Aspose.Words.Document throws FileCorruptedException while loading HTML using C#

Hi, I am facing an issue when converting a document from Html to Word (docx) with Aspose.Words for .Net nuget package version (19.11.0) and seeing this error being logged for hundreds of documents:

Message: The document appears to be corrupted and cannot be loaded.,
InnerException: Specified argument was out of the range of valid values.
Parameter name: distanceFromText,
StackTrace: at Aspose.Words.Document.(Stream , LoadOptions )
at Aspose.Words.Document.(Stream , LoadOptions )
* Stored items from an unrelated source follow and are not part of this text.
(* Let $P$ be a finite point set and $C$ a convex body in the plane, and let $\Pi$ be a convex polygon with $P\cap C\subseteq\Pi\subseteq C$. Then there is a convex polygon $\Pi'$ such that (A) $P\cap C\subseteq\Pi'\subseteq\Pi$; (B) the number of vertices of $\Pi'$ is at most twice the number of vertices of $\Pi$; and (C) every edge of $\Pi'$ lies on a line passing through two points of $P$. *)

theory Defs
  imports "HOL-Analysis.Analysis"
begin

definition convex_body :: "(real^2) set \<Rightarrow> bool" where
  "convex_body C \<longleftrightarrow> compact C \<and> convex C \<and> interior C \<noteq> {}"

text \<open>A convex polygon: the convex hull of a finite point set (degenerate cases allowed).\<close>
definition convex_polygon :: "(real^2) set \<Rightarrow> bool" where
  "convex_polygon K \<longleftrightarrow> (\<exists>S. finite S \<and> K = convex hull S)"

definition vertices :: "(real^2) set \<Rightarrow> (real^2) set" where
  "vertices K = {v. v extreme_point_of K}"

definition edges :: "(real^2) set \<Rightarrow> (real^2) set set" where
  "edges K = {F. F face_of K \<and> aff_dim F = 1}"

end

theory Submission
  imports Defs
begin

(* Let S = P \<inter> C and K its convex hull. If K has dimension at most one, K itself will do.
   Otherwise K is the intersection of the half-planes of its edges, each bounded by a line
   through two points of S. For each edge half-plane h of Q, Helly's theorem in the plane,
   applied to the half-planes of K together with the complement of h, yields two half-planes
   of K whose intersection already lies in h. The intersection Q' of the at most 2e selected
   half-planes (e the number of edges of Q) lies between K and Q, and its edges lie on
   selected lines. A convex polygon has as many vertices as edges, so Q' has at most 2e
   vertices while Q has e. *)

lemma card_eq_card_if_biregular:
  assumes "finite A" "finite B" "m > 0"
    and "\<And>a. a \<in> A \<Longrightarrow> card {b \<in> B. R a b} = m"
    and "\<And>b. b \<in> B \<Longrightarrow> card {a \<in> A. R a b} = m"
  shows "card A = card B"
proof -
  have "m * card A = (\<Sum>a\<in>A. card {b \<in> B. R a b})" using assms(4) by simp
  also have "\<dots> = (\<Sum>a\<in>A. \<Sum>b\<in>B. if R a b then 1 else 0)"
    using assms(2) by (simp add: sum.If_cases Int_def)
  also have "\<dots> = (\<Sum>b\<in>B. \<Sum>a\<in>A. if R a b then 1 else 0)" by (rule sum.swap)
  also have "\<dots> = (\<Sum>b\<in>B. card {a \<in> A. R a b})"
    using assms(1) by (simp add: sum.If_cases Int_def)
  also have "\<dots> = m * card B" using assms(5) by simp
  finally show ?thesis using assms(3) by simp
qed

lemma card_extreme_points_aff_dim_le_1:
  fixes S :: "'a::euclidean_space set"
  assumes "compact S" "convex S" "aff_dim S \<le> 1"
  shows "card {v. v extreme_point_of S} = nat (aff_dim S + 1)"
proof (cases "S = {}")
  case False
  then obtain a b where S: "S = closed_segment a b"
    using compact_convex_collinear_segment assms collinear_aff_dim by metis
  then have "{v. v extreme_point_of S} = {a, b}"
    by (auto simp: extreme_point_of_segment)
  then show ?thesis by (simp add: S segment_convex_hull aff_dim_convex_hull)
qed simp

lemma halfspace_le_subset_if_hyperplane_eq:
  fixes a c :: "'a::real_inner"
  assumes hyp: "{x. a \<bullet> x = b} = {x. c \<bullet> x = d}" and "a \<bullet> z < b" "c \<bullet> z < d"
  shows "{x. a \<bullet> x \<le> b} \<subseteq> {x. c \<bullet> x \<le> d}"
proof
  fix y assume "y \<in> {x. a \<bullet> x \<le> b}"
  then have y: "a \<bullet> y \<le> b" by simp
  show "y \<in> {x. c \<bullet> x \<le> d}"
  proof (rule ccontr)
    assume "y \<notin> {x. c \<bullet> x \<le> d}"
    then have "c \<bullet> y > d" by simp
    define t where "t = (d - c \<bullet> z) / (c \<bullet> y - c \<bullet> z)"
    have t: "0 < t" "t < 1"
      using \<open>c \<bullet> y > d\<close> \<open>c \<bullet> z < d\<close> by (auto simp: t_def field_simps)
    define w where "w = z + t *\<^sub>R (y - z)"
    have "c \<bullet> w = c \<bullet> z + t * (c \<bullet> y - c \<bullet> z)"
      by (simp add: w_def inner_diff_right algebra_simps)
    also have "\<dots> = d"
      using \<open>c \<bullet> y > d\<close> \<open>c \<bullet> z < d\<close> by (simp add: t_def)
    finally have "c \<bullet> w = d" .
    then have "a \<bullet> w = b" using hyp by blast
    moreover have "a \<bullet> w = (1 - t) * (a \<bullet> z) + t * (a \<bullet> y)"
      by (simp add: w_def inner_diff_right algebra_simps)
    moreover have "(1 - t) * (a \<bullet> z) + t * (a \<bullet> y) < (1 - t) * b + t * b"
      using t y \<open>a \<bullet> z < b\<close> by (intro add_less_le_mono mult_left_mono) auto
    ultimately show False by (simp add: algebra_simps)
  qed
qed

lemma supporting_halfspace_of_facet_unique:
  fixes S :: "'a::euclidean_space set"
  assumes "aff_dim S = DIM('a)" "F facet_of S" "a \<noteq> 0" "c \<noteq> 0"
    and "S \<subseteq> {x. a \<bullet> x \<le> b}" "S \<subseteq> {x. c \<bullet> x \<le> d}"
    and "F \<subseteq> {x. a \<bullet> x = b}" "F \<subseteq> {x. c \<bullet> x = d}"
  shows "{x. a \<bullet> x \<le> b} = {x. c \<bullet> x \<le> d}"
proof -
  have "F \<noteq> {}" and dimF: "aff_dim F = DIM('a) - 1"
    using assms(1,2) by (auto simp: facet_of_def)
  have hull_eq: "affine hull F = {x. e \<bullet> x = f}" if "e \<noteq> 0" "F \<subseteq> {x. e \<bullet> x = f}" for e f
  proof (rule affine_dim_equal)
    show "affine hull F \<subseteq> {x. e \<bullet> x = f}"
      using that by (intro hull_minimal) (auto simp: affine_hyperplane)
    show "aff_dim (affine hull F) = aff_dim {x. e \<bullet> x = f}"
      using that dimF by (simp add: aff_dim_hyperplane)
  qed (use \<open>F \<noteq> {}\<close> in \<open>auto simp: affine_hyperplane\<close>)
  have hyp: "{x. a \<bullet> x = b} = {x. c \<bullet> x = d}"
    using hull_eq[OF assms(3,7)] hull_eq[OF assms(4,8)] by simp
  obtain z where "z \<in> S" "a \<bullet> z \<noteq> b"
  proof -
    have "\<not> S \<subseteq> {x. a \<bullet> x = b}"
      using aff_dim_subset[of S "{x. a \<bullet> x = b}"] assms(1,3) by (auto simp: aff_dim_hyperplane)
    then show ?thesis using that by blast
  qed
  then have "a \<bullet> z < b" "c \<bullet> z < d"
    using assms(5,6) hyp by (fastforce simp: set_eq_iff)+
  then show ?thesis
    using hyp halfspace_le_subset_if_hyperplane_eq by (metis subset_antisym)
qed

lemma polyhedron_minimal_facet_halfspaces:
  fixes S :: "'a::euclidean_space set"
  assumes "polyhedron S" "aff_dim S = DIM('a)"
  obtains F a b where "finite F" "S = \<Inter>F"
    "\<And>h. h \<in> F \<Longrightarrow> a h \<noteq> 0 \<and> h = {x. a h \<bullet> x \<le> b h}"
    "\<And>h. h \<in> F \<Longrightarrow> S \<inter> {x. a h \<bullet> x = b h} facet_of S"
    "card F \<le> card {C. C facet_of S}"
proof -
  obtain F where F: "finite F" "S = affine hull S \<inter> \<Inter>F"
      "\<forall>h\<in>F. \<exists>a b. a \<noteq> 0 \<and> h = {x. a \<bullet> x \<le> b}"
      "\<forall>F'. F' \<subset> F \<longrightarrow> S \<subset> affine hull S \<inter> \<Inter>F'"
    using assms(1) unfolding polyhedron_Int_affine_minimal by blast
  then obtain a b where ab: "\<And>h. h \<in> F \<Longrightarrow> a h \<noteq> 0 \<and> h = {x. a h \<bullet> x \<le> b h}"
    by metis
  have "affine hull S = UNIV"
    using assms(2) aff_dim_eq_full by blast
  then have SF: "S = \<Inter>F" using F(2) by simp
  have facet: "C facet_of S \<longleftrightarrow> (\<exists>h. h \<in> F \<and> C = S \<inter> {x. a h \<bullet> x = b h})" for C
    using facet_of_polyhedron_explicit[OF F(1,2) ab] F(4) by blast
  have "inj_on (\<lambda>h. S \<inter> {x. a h \<bullet> x = b h}) F"
  proof (rule inj_onI)
    fix h h' assume h: "h \<in> F" "h' \<in> F" and eq: "S \<inter> {x. a h \<bullet> x = b h} = S \<inter> {x. a h' \<bullet> x = b h'}"
    have "{x. a h \<bullet> x \<le> b h} = {x. a h' \<bullet> x \<le> b h'}"
    proof (rule supporting_halfspace_of_facet_unique[OF assms(2)])
      show "S \<inter> {x. a h \<bullet> x = b h} facet_of S" using facet h by blast
      show "a h \<noteq> 0" "a h' \<noteq> 0" using ab h by blast+
      show "S \<subseteq> {x. a h \<bullet> x \<le> b h}" "S \<subseteq> {x. a h' \<bullet> x \<le> b h'}"
        using ab h SF by blast+
      show "S \<inter> {x. a h \<bullet> x = b h} \<subseteq> {x. a h \<bullet> x = b h}"
        "S \<inter> {x. a h \<bullet> x = b h} \<subseteq> {x. a h' \<bullet> x = b h'}"
        using eq by blast+
    qed
    then show "h = h'" using ab h by metis
  qed
  moreover have "(\<lambda>h. S \<inter> {x. a h \<bullet> x = b h}) ` F \<subseteq> {C. C facet_of S}"
    using facet by blast
  ultimately have "card F \<le> card {C. C facet_of S}"
    using card_inj_on_le finite_polyhedron_facets[OF assms(1)] by blast
  then show ?thesis
    using that F(1) SF ab facet by blast
qed

lemma Inter_minimal_subfamily:
  assumes "finite H"
  obtains H' where "H' \<subseteq> H" "A \<inter> \<Inter>H' = A \<inter> \<Inter>H"
    "\<And>H''. H'' \<subset> H' \<Longrightarrow> A \<inter> \<Inter>H \<subset> A \<inter> \<Inter>H''"
proof -
  let ?M = "{H'. H' \<subseteq> H \<and> A \<inter> \<Inter>H' = A \<inter> \<Inter>H}"
  have "finite ?M" using assms by (simp add: finite_subset[of _ "Pow H"] subset_eq)
  then obtain H' where H': "H' \<subseteq> H" "A \<inter> \<Inter>H' = A \<inter> \<Inter>H"
    and min: "\<And>H''. H'' \<in> ?M \<Longrightarrow> H'' \<le> H' \<Longrightarrow> H' = H''"
    using finite_has_minimal2[of ?M H] by auto
  have "A \<inter> \<Inter>H \<subset> A \<inter> \<Inter>H''" if "H'' \<subset> H'" for H''
  proof (rule psubsetI)
    have "\<Inter>H' \<subseteq> \<Inter>H''" using that by (simp add: Inf_superset_mono less_imp_le)
    then show "A \<inter> \<Inter>H \<subseteq> A \<inter> \<Inter>H''" using H'(2) by auto
    have "H'' \<notin> ?M" using min that by (metis less_imp_le less_irrefl)
    then show "A \<inter> \<Inter>H \<noteq> A \<inter> \<Inter>H''" using H'(1) that by auto
  qed
  with H' show ?thesis by (rule that)
qed
lemma summable_on_weighted_theta:
  fixes w :: "nat \<times> nat \<Rightarrow> complex"
  assumes "Im \<tau> > 0" and w: "\<And>n1 n2. norm (w (n1, n2)) \<le> real n1 + real n2 + 1"
  shows "(\<lambda>(n1, n2). w (n1, n2) * qpow \<tau> (2 * Qf (real n1 + s) (real n2 + t))) summable_on UNIV"
    (is "?F summable_on UNIV")
proof -
  define c where "c = 4 * pi * Im \<tau>"
  define K where "K = exp (2 * \<bar>s\<bar> + 2 * \<bar>t\<bar> + 4 / c)"
  define g where "g = (\<lambda>(n1::nat, n2::nat). K * (exp (- real n1) * exp (- real n2)))"
  have "c > 0" using assms(1) unfolding c_def by simp
  have g: "g summable_on UNIV"
    using summable_on_cmult_right[OF summable_on_product_nonneg[OF summable_on_exp_neg_nat summable_on_exp_neg_nat]]
    by (simp add: g_def case_prod_beta')
  have bound: "norm (?F n) \<le> g n" for n
  proof -
    obtain n1 n2 where n: "n = (n1, n2)" by fastforce
    have "norm (?F n) \<le> (real n1 + real n2 + 1) * exp (- c * Qf (real n1 + s) (real n2 + t))"
      unfolding n norm_mult norm_qpow c_def case_prod_conv
      by (rule mult_mono[OF w]) (simp_all add: algebra_simps)
    also have "\<dots> \<le> g n"
      unfolding n g_def K_def case_prod_conv by (rule weight_exp_Qf_le[OF \<open>c > 0\<close>])
    finally show ?thesis .
  qed
  have "(\<lambda>n. norm (?F n)) summable_on UNIV"
    by (rule Infinite_Sum.abs_summable_on_comparison_test'[OF g bound])
  thus ?thesis using summable_on_iff_abs_summable_on_complex by blast
qed

definition theta_term :: "complex \<Rightarrow> real \<Rightarrow> real \<Rightarrow> nat \<times> nat \<Rightarrow> complex" where
  "theta_term \<tau> a b = (\<lambda>(n1, n2). qpow \<tau> (2 * Qf (real n1 + a) (real n2 + b)))"

definition min_theta_term :: "complex \<Rightarrow> real \<Rightarrow> real \<Rightarrow> nat \<times> nat \<Rightarrow> complex" where
  "min_theta_term \<tau> a b = (\<lambda>(n1, n2). of_nat (min n1 n2) * theta_term \<tau> a b (n1, n2))"

lemma summable_on_theta_term:
  assumes "Im \<tau> > 0"
  shows "theta_term \<tau> a b summable_on A"
proof -
  have "(\<lambda>(n1, n2). 1 * qpow \<tau> (2 * Qf (real n1 + a) (real n2 + b))) summable_on UNIV"
    by (rule summable_on_weighted_theta[OF assms]) simp
  hence "theta_term \<tau> a b summable_on UNIV"
    by (simp add: theta_term_def)
  thus ?thesis by (rule summable_on_subset) simp
qed

lemma summable_on_min_theta_term:
  assumes "Im \<tau> > 0"
  shows "min_theta_term \<tau> a b summable_on UNIV"
proof -
  have "(\<lambda>(n1, n2). of_nat (min (fst (n1, n2)) (snd (n1, n2))) * qpow \<tau> (2 * Qf (real n1 + a) (real n2 + b)))
      summable_on UNIV"
    by (rule summable_on_weighted_theta[OF assms]) simp
  thus ?thesis by (simp add: min_theta_term_def theta_term_def)
qed

lemma min_theta_term_axis: "n1 = 0 \<or> n2 = 0 \<Longrightarrow> min_theta_term \<tau> a b (n1, n2) = 0"
  by (auto simp: min_theta_term_def)

lemma infsum_min_theta_term_diagonal_step:
  assumes "Im \<tau> > 0"
  shows "infsum (min_theta_term \<tau> a b) UNIV - infsum (min_theta_term \<tau> (a + 1) (b + 1)) UNIV
       = infsum (theta_term \<tau> (a + 1) (b + 1)) UNIV"
proof -
  have "infsum (min_theta_term \<tau> a b) UNIV
      = infsum (min_theta_term \<tau> (a + 1) (b + 1)) UNIV + infsum (theta_term \<tau> (a + 1) (b + 1)) UNIV"
  proof (rule infsum_reindex_split[where h = "map_prod Suc Suc"])
    show "inj (map_prod Suc Suc)" by (intro prod.inj_map inj_Suc inj_on_id)
  next
    fix x :: "nat \<times> nat" assume "x \<notin> range (map_prod Suc Suc)"
    then show "min_theta_term \<tau> a b x = 0"
      by (cases x) (metis map_prod_simp min_theta_term_axis not0_implies_Suc rangeI)
  next
    fix x :: "nat \<times> nat"
    show "min_theta_term \<tau> a b (map_prod Suc Suc x)
        = min_theta_term \<tau> (a + 1) (b + 1) x + theta_term \<tau> (a + 1) (b + 1) x"
      by (cases x) (simp add: min_theta_term_def theta_term_def algebra_simps)
  qed (simp_all add: summable_on_min_theta_term summable_on_theta_term assms)
  thus ?thesis by simp
qed
lemma unready_gadget_unmatched_left:
  assumes shape: "gadget_shape l t ns g" and matched: "gadget_matched l M g"
    and unready: "\<not> is_ready M g"
  shows "\<exists>w\<in>set (lefts g). Inl w \<notin> covered M"
proof (cases "sealed g")
  case True
  then have "lefts g ! l \<in> set (lefts g)" using shape by (simp add: gadget_shape_def)
  moreover have "Inl (lefts g ! l) \<notin> covered M"
    using matched True by (simp add: gadget_matched_def)
  ultimately show ?thesis by blast
next
  case False
  then show ?thesis using unready by (auto simp: is_ready_def)
qed

lemma card_matching_at_quiet_time:
  assumes S: "well_formed l t ns gs" and Mi: "matching_inv l ns gs M"
    and quiet: "\<not> (\<exists>i<length gs. is_ready M (gs ! i))"
  shows "card M * Suc l \<le> l * t"
proof -
  let ?U = "\<lambda>j. set (lefts (gs ! j))"
  have M: "is_matching ns M" using Mi by (simp add: matching_inv_def)
  have shape: "gadget_shape l t ns (gs ! j)" if "j < length gs" for j
    using S that by (simp add: well_formed_def)
  have "\<exists>w\<in>?U j. Inl w \<notin> covered M" if "j < length gs" for j
    using unready_gadget_unmatched_left[OF shape] Mi quiet that
    by (simp add: matching_inv_def)
  then obtain w where w: "\<forall>j\<in>{..<length gs}. w j \<in> ?U j \<and> Inl (w j) \<notin> covered M"
    by (metis lessThan_iff)
  have blocks: "(\<Union>j\<in>{..<length gs}. ?U j) = {..<t}"
    using S by (simp add: well_formed_def set_conv_nth) blast
  have "fst ` M \<subseteq> (\<Union>j\<in>{..<length gs}. ?U j - {w j})"
  proof
    fix a assume "a \<in> fst ` M"
    then obtain r where ar: "(a, r) \<in> M" by auto
    then have "a \<in> {..<t}" using is_matching_edge[OF M] S by (auto simp: well_formed_def)
    then obtain j where "j < length gs" "a \<in> ?U j" using blocks by auto
    moreover have "Inl a \<in> covered M" using ar by (auto simp: covered_Inl)
    ultimately show "a \<in> (\<Union>j\<in>{..<length gs}. ?U j - {w j})" using w by auto
  qed
  moreover have "card (?U j) \<le> Suc l" if "j < length gs" for j
    using gadget_shape_lengths[OF shape[OF that]] card_length le_trans by blast
  moreover have "disjoint_family_on ?U {..<length gs}" using S by (simp add: well_formed_def)
  ultimately have "card (fst ` M) * Suc l \<le> l * card (\<Union>j\<in>{..<length gs}. ?U j)"
    using w by (intro card_avoiding_one_per_block) auto
  then show ?thesis
    using blocks card_image[OF is_matching_inj_fst[OF M]] by simp
qed
text \<open>\<^const>\<open>hilbert_schmidt\<close> only asks for summability in some basis \<open>B\<close>, while
  \<^const>\<open>hs_norm\<close> is computed in \<^const>\<open>some_onb\<close>; passing through the adjoint moves the
  sum from one basis to the other.\<close>

lemma
  fixes T :: "'a::chilbert_space \<Rightarrow> 'a"
  assumes "hilbert_schmidt T"
  shows has_sum_hs_norm: "((\<lambda>e. (norm (T e))\<^sup>2) has_sum (hs_norm T)\<^sup>2) some_onb"
    and has_sum_hs_norm_adj: "((\<lambda>e. (norm (adj T e))\<^sup>2) has_sum (hs_norm T)\<^sup>2) some_onb"
proof -
  from assms obtain B where B: "is_onb B" and sm: "(\<lambda>e. (norm (T e))\<^sup>2) summable_on B"
    by (auto simp: hilbert_schmidt_def)
  note onb = hilbert_schmidt_some_onb[OF assms]
  define s where "s = (\<Sum>\<^sub>\<infinity>e\<in>B. (norm (T e))\<^sup>2)"
  have "((\<lambda>e. (norm (adj T e))\<^sup>2) has_sum s) some_onb"
    using has_sum_norm_sq_adjoint[OF B onb cinner_adj_right[OF assms]] sm by (simp add: s_def)
  moreover from this have "((\<lambda>e. (norm (T e))\<^sup>2) has_sum s) some_onb"
    by (rule has_sum_norm_sq_adjoint[OF onb onb cinner_adj_left[OF assms]])
  moreover have "s \<ge> 0"
    by (simp add: s_def infsum_nonneg)
  ultimately show "((\<lambda>e. (norm (T e))\<^sup>2) has_sum (hs_norm T)\<^sup>2) some_onb"
    and "((\<lambda>e. (norm (adj T e))\<^sup>2) has_sum (hs_norm T)\<^sup>2) some_onb"
    by (simp_all add: hs_norm_def infsumI)
qed

lemma norm_sq_le_has_sum_adjoint:
  fixes T S :: "'a::complex_inner \<Rightarrow> 'a"
  assumes B: "is_onb B" and adj: "\<And>x y. cinner (S x) y = cinner x (T y)"
    and hs: "((\<lambda>e. (norm (S e))\<^sup>2) has_sum N) B"
  shows "(norm (T x))\<^sup>2 \<le> N * (norm x)\<^sup>2"
proof -
  have "(norm (T x))\<^sup>2 \<le> (norm x)\<^sup>2 * N"
  proof (rule has_sum_mono[OF has_sum_Parseval[OF B] has_sum_cmult_right[OF hs]])
    fix f
    have "cmod (cinner f (T x)) \<le> norm (S f) * norm x"
      using norm_cinner_le[of "S f" x] by (simp add: adj)
    then show "(cmod (cinner f (T x)))\<^sup>2 \<le> (norm x)\<^sup>2 * (norm (S f))\<^sup>2"
      by (metis mult.commute norm_ge_zero power_mono power_mult_distrib)
  qed
  then show ?thesis by (simp add: mult.commute)
qed

lemma
  fixes T :: "'a::chilbert_space \<Rightarrow> 'a"
  assumes "hilbert_schmidt T"
  shows norm_sq_le_hs_norm: "(norm (T x))\<^sup>2 \<le> (hs_norm T)\<^sup>2 * (norm x)\<^sup>2"
    and norm_sq_adj_le_hs_norm: "(norm (adj T x))\<^sup>2 \<le> (hs_norm T)\<^sup>2 * (norm x)\<^sup>2"
  by (rule norm_sq_le_has_sum_adjoint[OF hilbert_schmidt_some_onb[OF assms]
        cinner_adj_left[OF assms] has_sum_hs_norm_adj[OF assms]])
     (rule norm_sq_le_has_sum_adjoint[OF hilbert_schmidt_some_onb[OF assms]
        cinner_adj_right[OF assms] has_sum_hs_norm[OF assms]])

lemma hs_norm_sq_le_has_sum:
  fixes A :: "'a::complex_inner \<Rightarrow> 'a"
  assumes g: "(g has_sum G) some_onb" and le: "\<And>e. (norm (A e))\<^sup>2 \<le> g e"
  shows "(\<lambda>e. (norm (A e))\<^sup>2) summable_on some_onb" and "(hs_norm A)\<^sup>2 \<le> G"
proof -
  show sm: "(\<lambda>e. (norm (A e))\<^sup>2) summable_on some_onb"
    by (rule summable_on_comparison_test[OF has_sum_imp_summable[OF g] le]) simp
  have "(\<Sum>\<^sub>\<infinity>e\<in>some_onb. (norm (A e))\<^sup>2) \<le> G"
    by (rule has_sum_mono[OF has_sum_infsum[OF sm] g le])
  then show "(hs_norm A)\<^sup>2 \<le> G"
    by (simp add: hs_norm_def infsum_nonneg)
qed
I am using the following code to convert documents:

    var htmlLoadOptions = new HtmlLoadOptions();
    htmlLoadOptions.PreferredControlType = HtmlControlType.StructuredDocumentTag;

    // Setting the Enconding
    htmlLoadOptions.Encoding = Encoding.UTF8;

    // Create a new class implementing IWarningCallback which collect any warnings produced during document save.
    var callback = new HandleDocumentWarnings();

    // We assign the callback to the appropriate save options class. In this case, we are going to save to Word
    // so we create a HtmlLoadOptions class and assign the callback there.
    htmlLoadOptions.WarningCallback = callback;

    // Load the Html document into memory
    var document = new Document(info.File, htmlLoadOptions);
    
    foreach (Table table in document.GetChildNodes(NodeType.Table, true))
    {
        foreach (Row row in table.Rows)
        {
            row.RowFormat.AllowBreakAcrossPages = false;
        }
    }

    info.File.Close();

    // Convert the document to a different format and save to stream
    var streamResult = new MemoryStream();

    var options = SaveOptions.CreateSaveOptions(SaveFormat.Docx);
    options.TempFolder = WorkingDirectory;
    document.Save(streamResult, options);

I have reason to believe that the HTML files being loaded are not corrupt and it is hard for us to keep track of file validity / correctness when they are hundreds and thousands to convert.

Can you please check if this is a bug in your component or the data?. A sample is attched for your reference.
Thanks in advance.aspose_error_details.zip (89.4 KB)

@zallauddin

We have tested the scenario and have managed to reproduce the same issue at our side. For the sake of correction, we have logged this problem in our issue tracking system as WORDSNET-19888. You will be notified via this forum thread once this issue is resolved.

We apologize for your inconvenience.

Hi @tahir.manzoor,

Any rough idea about the resolution ETA for this particular issue?

@zallauddin

We try our best to deal with every customer request in a timely fashion, we unfortunately cannot guarantee a delivery date to every customer issue. We work on issues on a first come, first served basis. We feel this is the fairest and most appropriate way to satisfy the needs of the majority of our customers.

Currently, your issue is pending for analysis and is in the queue. Once we complete the analysis of your issue, we will then be able to provide you an estimate.

@zallauddin

Please use the latest version of Aspose.Words for .NET 20.3 to avoid the shared exception. Hope this helps you.

The issues you have found earlier (filed as WORDSNET-19888) have been fixed in this Aspose.Words for .NET 20.7 update and this Aspose.Words for Java 20.7 update.